Michael Grassmann, Stephan Fuhrmann and Thomas W. Guenther

Credibility concerns regarding integrated reports can harm the intended decrease of information asymmetry between a firm and its investors. Therefore, it is crucial to…

Abstract

Purpose

Credibility concerns regarding integrated reports can harm the intended decrease of information asymmetry between a firm and its investors. Therefore, it is crucial to examine whether voluntary third-party assurance enhances the credibility of integrated reports and, thus, decreases information asymmetry. Furthermore, this study aims to investigate the interaction effect between assurance quality and the disclosed connectivity of the capitals, a distinguishing feature of integrated reports.

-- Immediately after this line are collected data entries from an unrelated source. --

(* Let $K$ be a field, let $\mathcal R\subset\mathbb Z^k$ be a polyhedral region, and let $f$ be a hypergeometric term on $\mathcal R$. Then the function $g\colon\mathbb Z^k\to K$ defined by $g(\vec z)=f(\vec z)$ for $\vec z\in\mathcal R$ and $g(\vec z)=0$ for $\vec z\notin\mathcal R$ is a hypergeometric term on $\mathbb Z^k$.
   Context: A half-space is $\{\vec z\in\mathbb Z^k:\vec v\cdot\vec z>n\}$ with $\vec v\in\mathbb Z^k$, $n\in\mathbb Z$; a polyhedral region is $\mathbb Z^k$ or an intersection of finitely many half-spaces. A hypergeometric term on a polyhedral region $\mathcal R$ over $K$ is a function $f\colon\mathcal R\to K$ such that for each $i\in\{1,\dots,k\}$ there are nonzero polynomials $A_i,B_i\in K[z_1,\dots,z_k]$ with $A_i(\vec z)f(\vec z)=B_i(\vec z)f(\vec z+\vec e_i)$ for all $\vec z$ with $\vec z\in\mathcal R$ and $\vec z+\vec e_i\in\mathcal R$. A hypergeometric term on $\mathbb Z^k$ is the case $\mathcal R=\mathbb Z^k$. *)

theory Defs
  imports "HOL-Analysis.Finite_Cartesian_Product" "HOL-Library.Poly_Mapping"
begin

text \<open>Polynomials in the variables z_i (i :: 'k) over a field are finitely supported maps
  from monomials (exponent vectors 'k \<Rightarrow> nat) to coefficients.\<close>

type_synonym ('a, 'k) mpoly = "('k \<Rightarrow> nat) \<Rightarrow>\<^sub>0 'a"

definition mpoly_eval :: "('a::field, 'k::finite) mpoly \<Rightarrow> int ^ 'k \<Rightarrow> 'a" where
  "mpoly_eval p z = (\<Sum>m\<in>Poly_Mapping.keys p. Poly_Mapping.lookup p m * (\<Prod>i\<in>UNIV. of_int (z $ i) ^ m i))"

definition half_space :: "int ^ 'k::finite \<Rightarrow> int \<Rightarrow> (int ^ 'k) set" where
  "half_space v n = {z. (\<Sum>i\<in>UNIV. v $ i * z $ i) > n}"

definition polyhedral_region :: "(int ^ 'k::finite) set \<Rightarrow> bool" where
  "polyhedral_region R \<longleftrightarrow>
     R = UNIV \<or> (\<exists>H. finite H \<and> R = (\<Inter>(v, n)\<in>H. half_space v n))"

definition hypergeometric_on :: "(int ^ 'k::finite) set \<Rightarrow> (int ^ 'k \<Rightarrow> 'a::field) \<Rightarrow> bool" where
  "hypergeometric_on R f \<longleftrightarrow>
     (\<forall>i. \<exists>A B :: ('a, 'k) mpoly. A \<noteq> 0 \<and> B \<noteq> 0 \<and>
        (\<forall>z. z \<in> R \<and> z + axis i 1 \<in> R \<longrightarrow>
              mpoly_eval A z * f z = mpoly_eval B z * f (z + axis i 1)))"

end

theory Submission
  imports Defs "HOL-Library.Function_Algebras" "HOL-Library.Indicator_Function"
begin

text \<open>Multiply the recurrence polynomials \<open>A\<^sub>i, B\<^sub>i\<close> of \<open>f\<close> by a nonzero polynomial \<open>Q\<close>
  vanishing at every \<open>z\<close> for which exactly one of \<open>z\<close>, \<open>z + e\<^sub>i\<close> lies in \<open>R\<close>; then the
  recurrence for the zero extension holds trivially at such \<open>z\<close> and is the old one elsewhere.
  For a half-space \<open>v \<cdot> z > n\<close> such a crossing forces \<open>v \<cdot> z\<close> to lie within \<open>\<bar>v\<^sub>i\<bar>\<close> of
  \<open>n\<close>, so the product of the finitely many affine polynomials \<open>v \<cdot> z - c\<close> works; for a
  polyhedral region take the product over its half-spaces. These products are nonzero
  because multivariate polynomials over a field form a domain.\<close>

lemma poly_mapping_eq_sum_single:
  "p = (\<Sum>m\<in>Poly_Mapping.keys p. Poly_Mapping.single m (Poly_Mapping.lookup p m))"
  by (rule poly_mapping_eqI) (simp add: lookup_sum lookup_single when_def in_keys_iff)

lemma times_poly_mapping_eq_sum_single:
  fixes p q :: "'m::monoid_add \<Rightarrow>\<^sub>0 'a::semiring_0"
  shows "p * q = (\<Sum>a\<in>Poly_Mapping.keys p. \<Sum>b\<in>Poly_Mapping.keys q.
      Poly_Mapping.single (a + b) (Poly_Mapping.lookup p a * Poly_Mapping.lookup q b))"
  by (subst poly_mapping_eq_sum_single[of p], subst poly_mapping_eq_sum_single[of q])
     (simp add: sum_distrib_left sum_distrib_right mult_single sum.swap[of _ "Poly_Mapping.keys q"])

text \<open>The leading-term argument: the product of the coefficients at the exponents
  maximal under \<open>\<psi>\<close> survives in \<open>p * q\<close>, because \<open>\<psi>\<close> is injective and additive.\<close>

lemma times_poly_mapping_nonzero_if_embedding:
  fixes p q :: "'m::monoid_add \<Rightarrow>\<^sub>0 'a::semiring_no_zero_divisors"
    and \<psi> :: "'m \<Rightarrow> 'o::linordered_cancel_ab_semigroup_add"
  assumes "inj \<psi>" and \<psi>_add: "\<And>a b. \<psi> (a + b) = \<psi> a + \<psi> b"
    and "p \<noteq> 0" "q \<noteq> 0"
  shows "p * q \<noteq> 0"
proof -
  let ?F = "Poly_Mapping.keys p" and ?G = "Poly_Mapping.keys q"
  have "Max (\<psi> ` ?F) \<in> \<psi> ` ?F" "Max (\<psi> ` ?G) \<in> \<psi> ` ?G"
    using \<open>p \<noteq> 0\<close> \<open>q \<noteq> 0\<close> by (auto intro!: Max_in)
  then obtain a0 b0 where a0: "a0 \<in> ?F" "\<psi> a0 = Max (\<psi> ` ?F)"
    and b0: "b0 \<in> ?G" "\<psi> b0 = Max (\<psi> ` ?G)"
    by (auto simp: image_iff)
  have a0_max: "\<psi> a \<le> \<psi> a0" if "a \<in> ?F" for a
    using that a0 by simp
  have b0_max: "\<psi> b \<le> \<psi> b0" if "b \<in> ?G" for b
    using that b0 by simp
  have unique: "a + b = a0 + b0 \<longleftrightarrow> a = a0 \<and> b = b0" if "a \<in> ?F" "b \<in> ?G" for a b
  proof
    assume "a + b = a0 + b0"
    then have sum_eq: "\<psi> a + \<psi> b = \<psi> a0 + \<psi> b0"
      by (metis \<psi>_add)
    have "\<psi> a = \<psi> a0"
    proof (rule ccontr)
      assume "\<psi> a \<noteq> \<psi> a0"
      with a0_max[OF that(1)] have "\<psi> a + \<psi> b < \<psi> a0 + \<psi> b0"
        using b0_max[OF that(2)] by (simp add: add_less_le_mono)
      with sum_eq show False by simp
    qed
    moreover from this sum_eq have "\<psi> b = \<psi> b0" by simp
    ultimately show "a = a0 \<and> b = b0" using \<open>inj \<psi>\<close> by (simp add: inj_eq)
  qed simp
  have "Poly_Mapping.lookup (p * q) (a0 + b0) = (\<Sum>a\<in>?F. \<Sum>b\<in>?G.
      Poly_Mapping.lookup p a * Poly_Mapping.lookup q b when a = a0 when b = b0)"
    unfolding times_poly_mapping_eq_sum_single[of p q] lookup_sum lookup_single
    by (intro sum.cong refl) (auto simp: unique when_def)
  also have "\<dots> = Poly_Mapping.lookup p a0 * Poly_Mapping.lookup q b0"
    using a0 b0 by (simp add: when_def)
  also have "\<dots> \<noteq> 0"
    using a0 b0 by (simp add: in_keys_iff)
  finally show ?thesis by auto
qed

text \<open>The target \<open>nat \<Rightarrow>\<^sub>0 nat\<close> carries the library's linear order compatible with addition.\<close>

lemma exponent_vector_embedding:
  obtains \<psi> :: "('k::finite \<Rightarrow> nat) \<Rightarrow> (nat \<Rightarrow>\<^sub>0 nat)"
  where "inj \<psi>" "\<And>a b. \<psi> (a + b) = \<psi> a + \<psi> b"
proof
  let ?J = "range (to_nat :: 'k \<Rightarrow> nat)"
  define \<psi> :: "('k \<Rightarrow> nat) \<Rightarrow> (nat \<Rightarrow>\<^sub>0 nat)" where
    "\<psi> m = Abs_poly_mapping (\<lambda>j. if j \<in> ?J then m (from_nat j) else 0)" for m
  have lookup_\<psi>: "Poly_Mapping.lookup (\<psi> m) = (\<lambda>j. if j \<in> ?J then m (from_nat j) else 0)"
    for m
  proof -
    have "finite {j. (if j \<in> ?J then m (from_nat j) else 0) \<noteq> 0}"
      by (rule finite_subset[of _ ?J]) auto
    then show ?thesis
      unfolding \<psi>_def by (rule lookup_Abs_poly_mapping)
  qed
  show "inj \<psi>"
  proof (rule injI)
    fix a b assume "\<psi> a = \<psi> b"
    show "a = b"
    proof
      fix i :: 'k
      have "Poly_Mapping.lookup (\<psi> a) (to_nat i) = Poly_Mapping.lookup (\<psi> b) (to_nat i)"
        using \<open>\<psi> a = \<psi> b\<close> by simp
      then show "a i = b i" by (simp add: lookup_\<psi> from_nat_to_nat)
    qed
  qed
  show "\<psi> (a + b) = \<psi> a + \<psi> b" for a b
    by (rule poly_mapping_eqI) (simp add: lookup_\<psi> lookup_add)
qed

lemma mpoly_mult_nonzero:
  fixes p q :: "('a::semiring_no_zero_divisors, 'k::finite) mpoly"
  assumes "p \<noteq> 0" "q \<noteq> 0"
  shows "p * q \<noteq> 0"
proof -
  obtain \<psi> :: "('k \<Rightarrow> nat) \<Rightarrow> (nat \<Rightarrow>\<^sub>0 nat)"
    where "inj \<psi>" "\<And>a b. \<psi> (a + b) = \<psi> a + \<psi> b"
    using exponent_vector_embedding by blast
  then show ?thesis
    using times_poly_mapping_nonzero_if_embedding assms by blast
qed

lemma mpoly_prod_nonzero:
  fixes P :: "'b \<Rightarrow> ('a::idom, 'k::finite) mpoly"
  shows "(\<And>x. x \<in> S \<Longrightarrow> P x \<noteq> 0) \<Longrightarrow> prod P S \<noteq> 0"
  by (induction S rule: infinite_finite_induct) (auto simp: mpoly_mult_nonzero)

definition monomial_eval :: "int ^ 'k::finite \<Rightarrow> ('k \<Rightarrow> nat) \<Rightarrow> 'a::field" where
  "monomial_eval z m = (\<Prod>i\<in>UNIV. of_int (z $ i) ^ m i)"

lemma monomial_eval_add: "monomial_eval z (a + b) = monomial_eval z a * monomial_eval z b"
  by (simp add: monomial_eval_def power_add prod.distrib)

lemma monomial_eval_0: "monomial_eval z 0 = 1"
  by (simp add: monomial_eval_def)

lemma monomial_eval_indicator: "monomial_eval z (indicator {j}) = of_int (z $ j)"
  by (simp add: monomial_eval_def indicator_def of_bool_def if_distrib[of "\<lambda>n. x ^ n" for x]
      cong: if_cong)

lemma mpoly_eval_eq_sum_superset:
  assumes "finite S" "Poly_Mapping.keys p \<subseteq> S"
  shows "mpoly_eval p z = (\<Sum>m\<in>S. Poly_Mapping.lookup p m * monomial_eval z m)"
  unfolding mpoly_eval_def monomial_eval_def
  by (rule sum.mono_neutral_left) (use assms in \<open>auto simp: in_keys_iff\<close>)

lemma mpoly_eval_0 [simp]: "mpoly_eval 0 z = 0"
  by (simp add: mpoly_eval_def)

lemma mpoly_eval_single: "mpoly_eval (Poly_Mapping.single m c) z = c * monomial_eval z m"
  by (subst mpoly_eval_eq_sum_superset[of "{m}"]) auto

lemma mpoly_eval_1: "mpoly_eval (1 :: ('a::field, 'k::finite) mpoly) z = 1"
  by (metis mpoly_eval_single monomial_eval_0 mult_1 single_one)

lemma mpoly_eval_add: "mpoly_eval (p + q) z = mpoly_eval p z + mpoly_eval q z"
proof -
  let ?S = "Poly_Mapping.keys p \<union> Poly_Mapping.keys q"
  have "mpoly_eval (p + q) z = (\<Sum>m\<in>?S. Poly_Mapping.lookup (p + q) m * monomial_eval z m)"
    by (rule mpoly_eval_eq_sum_superset) (simp_all add: keys_add)
  also have "\<dots> = (\<Sum>m\<in>?S. Poly_Mapping.lookup p m * monomial_eval z m)
      + (\<Sum>m\<in>?S. Poly_Mapping.lookup q m * monomial_eval z m)"
    by (simp add: lookup_add distrib_right sum.distrib)
  also have "\<dots> = mpoly_eval p z + mpoly_eval q z"
    by (simp add: mpoly_eval_eq_sum_superset[symmetric])
  finally show ?thesis .
qed

lemma mpoly_eval_sum: "mpoly_eval (\<Sum>x\<in>S. p x) z = (\<Sum>x\<in>S. mpoly_eval (p x) z)"
  by (induction S rule: infinite_finite_induct) (auto simp: mpoly_eval_add)

lemma mpoly_eval_diff: "mpoly_eval (p - q) z = mpoly_eval p z - mpoly_eval q z"
  by (metis add_diff_cancel_right' eq_diff_eq mpoly_eval_add)

lemma mpoly_eval_mult:
  "mpoly_eval ((p :: ('a::field, 'k::finite) mpoly) * q) z = mpoly_eval p z * mpoly_eval q z"
  by (simp add: times_poly_mapping_eq_sum_single[of p q] mpoly_eval_sum mpoly_eval_single
      monomial_eval_add mpoly_eval_def[of p] mpoly_eval_def[of q] monomial_eval_def[symmetric]
      sum_distrib_left sum_distrib_right mult_ac sum.swap[of _ "Poly_Mapping.keys q"])

lemma mpoly_eval_prod:
  "mpoly_eval (\<Prod>x\<in>S. (p x :: ('a::field, 'k::finite) mpoly)) z = (\<Prod>x\<in>S. mpoly_eval (p x) z)"
  by (induction S rule: infinite_finite_induct) (auto simp: mpoly_eval_1 mpoly_eval_mult)

definition dot :: "int ^ 'k::finite \<Rightarrow> int ^ 'k \<Rightarrow> int" where
  "dot v z = (\<Sum>j\<in>UNIV. v $ j * z $ j)"

lemma dot_add_axis: "dot v (z + axis i 1) = dot v z + v $ i"
  by (simp add: dot_def axis_def ring_distribs sum.distrib if_distrib[of "\<lambda>x. v $ _ * x"]
      cong: if_cong)

lemma dot_axis: "dot (axis i 1) z = z $ i"
  by (simp add: dot_def axis_def if_distrib[of "\<lambda>x. x * _"] cong: if_cong)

Design/methodology/approach

Content analysis is performed of the 176 assurance statements included in the 269 integrated reports of Forbes Global 2000 firms disclosed from 2013 to 2015 and the 269 integrated reports themselves. Regression analyzes are applied to examine the associations between assurance, the disclosed connectivity of the capitals and information asymmetry.

Findings

The presence of an assurance statement in an integrated report significantly decreases information asymmetry. Surprisingly, assurance quality is not significantly associated with information asymmetry. However, an interaction analysis reveals that combining high assurance quality with high disclosed connectivity of the capitals allows a significant decrease in information asymmetry.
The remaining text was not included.